Background: the security features Predator must defeat

Pointer Authentication Codes (PAC)

Starting with the A12 chip (iPhone XS, 2018), Apple introduced PAC — a hardware feature that adds cryptographic signatures to code pointers. Before the processor follows function pointer or return address, it verifies the signature. If an attacker corrupts a pointer, the signature check fails and the processor raises an exception.

Kernel Address Space Layout Randomization (KASLR)

iOS randomizes the kernel base address at each boot (KASLR), meaning all kernel code and static data structures shift by an unpredictable offset. Even if an attacker has a kernel vulnerability, they must first determine this slide to locate the structures they want to manipulate. This requires a reliable kernel memory read primitive — exactly what FDGuardNeonRW provides.

Finding 1: FDGuardNeonRW — kernel memory access through vector registers

Decoding the name

The class name FDGuardNeonRW encodes its entire technique:

This is the core primitive that powers everything else in Predator.

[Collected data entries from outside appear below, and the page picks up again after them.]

(* Consider the one-hop wireless network model described in the context, where the channel powers $\gamma_{i,j}$ are i.i.d. with the Weibull distribution with p.d.f. $f(x)=\frac{k}{\lambda}\left(\frac{x}{\lambda}\right)^{k-1}e^{-(x/\lambda)^k}$ and c.d.f. $F(x)=1-e^{-(x/\lambda)^k}$ for $x\ge0$, with parameters $\lambda>0$ and $k\in(0,0.5)\cup[1,\infty)$. Then, with high probability, the achievable throughput (obtained by activating the source-destination pairs with the largest direct-link powers and silencing the rest) satisfies $T=\Omega\left((\log n)^{1/k}\right)$.
   Context: Network model: $n$ sources $S_1,\dots,S_n$ and $n$ destinations $D_1,\dots,D_n$; $S_i$ wishes to communicate with $D_i$ in one hop. The channel power from $S_i$ to $D_j$ is $\gamma_{i,j}\ge0$; all $\gamma_{i,j}$ are i.i.d. with mean $\mu$. A subset $\mathbb{S}$ of sources is active, each with power $1$; $SINR_i=\frac{\gamma_{i,i}}{N_0+\sum_{S_k\in\mathbb{S},k\ne i}\gamma_{k,i}}$ for $S_i\in\mathbb{S}$ (and $0$ otherwise), with noise variance $N_0\ge0$; $D_i$ succeeds if $SINR_i>\beta$ for a fixed constant $\beta>0$. The throughput $T$ is the number of successful destinations. "With high probability" means with probability tending to $1$ as $n\to\infty$. *)

theory Defs
  imports "HOL-Probability.Probability"
begin

text \<open>Channel powers of a network realisation: g i j is the power from source i to destination j.
  Sources and destinations are indexed by 0..n-1.\<close>

definition interference :: "(nat \<Rightarrow> nat \<Rightarrow> real) \<Rightarrow> nat set \<Rightarrow> nat \<Rightarrow> real" where
  "interference g S i = (\<Sum>k\<in>S - {i}. g k i)"

text \<open>D_i succeeds iff S_i is active and SINR_i > beta, i.e.
  g i i / (N0 + interference) > beta; written multiplicatively so that a zero
  denominator (N0 = 0, no interferers) is handled as SINR = infinity.\<close>
definition success :: "(nat \<Rightarrow> nat \<Rightarrow> real) \<Rightarrow> real \<Rightarrow> real \<Rightarrow> nat set \<Rightarrow> nat \<Rightarrow> bool" where
  "success g N0 \<beta> S i \<longleftrightarrow> i \<in> S \<and> g i i > \<beta> * (N0 + interference g S i)"

definition throughput :: "nat \<Rightarrow> (nat \<Rightarrow> nat \<Rightarrow> real) \<Rightarrow> real \<Rightarrow> real \<Rightarrow> nat set \<Rightarrow> nat" where
  "throughput n g N0 \<beta> S = card {i \<in> {..<n}. success g N0 \<beta> S i}"

definition top_set :: "nat \<Rightarrow> (nat \<Rightarrow> nat \<Rightarrow> real) \<Rightarrow> nat \<Rightarrow> nat set \<Rightarrow> bool" where
  "top_set n g m S \<longleftrightarrow> S \<subseteq> {..<n} \<and> card S = m \<and>
     (\<forall>i\<in>S. \<forall>j\<in>{..<n} - S. g j j \<le> g i i)"

definition weibull_cdf :: "real \<Rightarrow> real \<Rightarrow> real \<Rightarrow> real" where
  "weibull_cdf lam k x = (if 0 \<le> x then 1 - exp (- ((x / lam) powr k)) else 0)"

end

theory Submission
  imports Defs "HOL-Real_Asymp.Real_Asymp"
begin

Every hook, every process injection, every PAC bypass ultimately depends on FDGuardNeonRW’s ability to read and write arbitrary kernel memory.

The NEON data channel

ARM NEON is a set of 128-bit vector registers (V0–V31) normally used for SIMD operations — parallel math on multiple values simultaneously. They are part of the thread state that the kernel saves and restores during context switches.

Predator exploits this using a well-established technique: the Mach thread_get_state and thread_set_state APIs allow reading and writing of a thread's full register state, including NEON registers, from another thread with appropriate port rights. This thread-state manipulation approach has been used in iOS exploit chains since at least 2017. Predator's innovation is channeling kernel data through the NEON register bank specifically — its 32 × 128-bit vector registers yield 528 bytes per thread_get_state call (including FPSR, FPCR and alignment padding), compared to the 272 bytes available through the general-purpose register state.

This channel depends on a kernel-side component established by the initial exploit — the NEON registers serve as the transport, but the actual kernel memory reads and writes are performed by code running at kernel privilege. The full details of this kernel-side payload are outside the scope of this post.

Read primitive (528 bytes per read)

The read operation relies on a kernel code path installed by the initial exploit stage. This code path loads data from a controlled kernel address into NEON registers, then hits a trap instruction. The target thread is resumed, executes this code path, and triggers the trap. Predator’s exception handler receives a Mach exception message (Figure 3; identified by msgh_id 2406 / 0x966) containing the NEON state with kernel data. Up to 10 retries handle timing races. Each read retrieves 528 bytes.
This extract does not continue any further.